After this deft lobotomy of weak or wounded brains, Bradstreet concludes "The Prologue" with a modest but confident declaration of her literary hopes. In the final stanza she invokes the world's great writers in lines which themselves fly and flash with the eloquence of her praise. The masters soaring in the heavens may see her lines as "lowly," but she gives no indication that earthbound readers need concur. In comparison to a poet like Du Bartas or a rhetorician like Demosthenes, she is limited but hardly worthless. Her "mean and unrefined ore" highlights their "glist'ring gold" and may, with time, be enhanced by careful polishing.

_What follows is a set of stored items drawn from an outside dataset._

lemma fourier_uniqueness:
  fixes g :: "real \<Rightarrow> complex"
  assumes g: "integrable lborel g" and ft: "\<And>t. (CLINT x|lborel. iexp (t * x) * g x) = 0"
  shows "AE x in lborel. g x = 0"
proof -
  have [measurable]: "g \<in> borel_measurable lborel" using g by auto
  have ft_cnj: "(CLINT x|lborel. iexp (t * x) * cnj (g x)) = 0" for t
  proof -
    have "(CLINT x|lborel. iexp (t * x) * cnj (g x)) = (CLINT x|lborel. cnj (iexp (- t * x) * g x))"
      by (intro Bochner_Integration.integral_cong) (auto simp: exp_cnj)
    also have "\<dots> = 0"
      using ft[of "- t"] Bochner_Integration.integral_cnj[of lborel "\<lambda>x. iexp (- t * x) * g x"] by simp
    finally show ?thesis .
  qed
  have ft_comb: "(CLINT x|lborel. iexp (t * x) * (a * g x + b * cnj (g x))) = 0" for a b t
  proof -
    have "(CLINT x|lborel. iexp (t * x) * (a * g x + b * cnj (g x)))
        = a * (CLINT x|lborel. iexp (t * x) * g x) + b * (CLINT x|lborel. iexp (t * x) * cnj (g x))"
      using integrable_iexp_mult[OF g, of t] integrable_iexp_mult[of "\<lambda>x. cnj (g x)" t] g
      by (simp add: algebra_simps)
    then show ?thesis using ft ft_cnj by simp
  qed
  have "AE x in lborel. Re (g x) = 0"
  proof (rule fourier_uniqueness_real)
    fix t
    have "complex_of_real (Re z) = (1/2) * z + (1/2) * cnj z" for z
      by (simp add: complex_eq_iff)
    then show "(CLINT x|lborel. iexp (t * x) * Re (g x)) = 0"
      using ft_comb[of t "1/2" "1/2"] by simp
  qed (use g in simp)
  moreover have "AE x in lborel. Im (g x) = 0"
  proof (rule fourier_uniqueness_real)
    fix t
    have "complex_of_real (Im z) = (- \<i> / 2) * z + (\<i> / 2) * cnj z" for z
      by (simp add: complex_eq_iff)
    then show "(CLINT x|lborel. iexp (t * x) * Im (g x)) = 0"
      using ft_comb[of t "- \<i> / 2" "\<i> / 2"] by simp
  qed (use g in simp)
  ultimately show ?thesis by eventually_elim (simp add: complex_eq_iff)
qed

The most striking image in this paean, however, is surely that of the "thyme or parsley wreath" Bradstreet requests in recognition of her poetry, discounting the traditional bay laurel. It seems a humble request: substitution of a kitchen herb for richer foliage. Bay leaves are also herbs, however, and there are cooks who plunge all three in the same aromatic pot. As far as honor goes, there may be less distinction here than the phrasing suggests. Elizabeth Wade White points out that thyme symbolized vitality and courage for the Greeks and that they sometimes honored athletes or dead heroes with the "fadeless foilage" of parsley wreaths. Even more familiar was the mythical background of the laurel as a symbol of poetry. In his verses "Upon Mrs. Anne Bradstreet Her Poems, Etc." prefaced to The Tenth Muse, John Rogers commended the Puritan poet for her avoidance of the wantonly lascivious topics provided by classical literature, specifically mentioning "How sage Apollo, Daphne hot pursues." C.B., in his introductory quatrain, wrote: "I cannot wonder at Apollo now, / That he with female laurel crowned his brow." The laurel crown commemorated Daphne, who was protectively transformed in her flight from lusty Apollo; so the bay leaves provided a female crown for male poets. The modesty that kept Anne Bradstreet from claiming such an honor, then, may have been more nearly allied to chastity than to humility. She may have felt sensitive to the mythic presentation of woman as simultaneously the object and victim of the god of poetry and the sign of glory for his disciples. It is clear, at any rate, that the concluding stanza expresses personal self-assurance as a poet, and the reader who has followed the stylistic, rhetorical, and logical devices by which she guides "The Prologue" from acknowledgment of her defects to assertion of her triumph is likely to accept the claim. Like Emily Dickinson, who contrasted "Carbon in the Coal" with "Carbon in the Gem" as queenly ornaments, Anne Bradstreet contrived to sound meek and vulnerable, even in the act of choosing among crowns.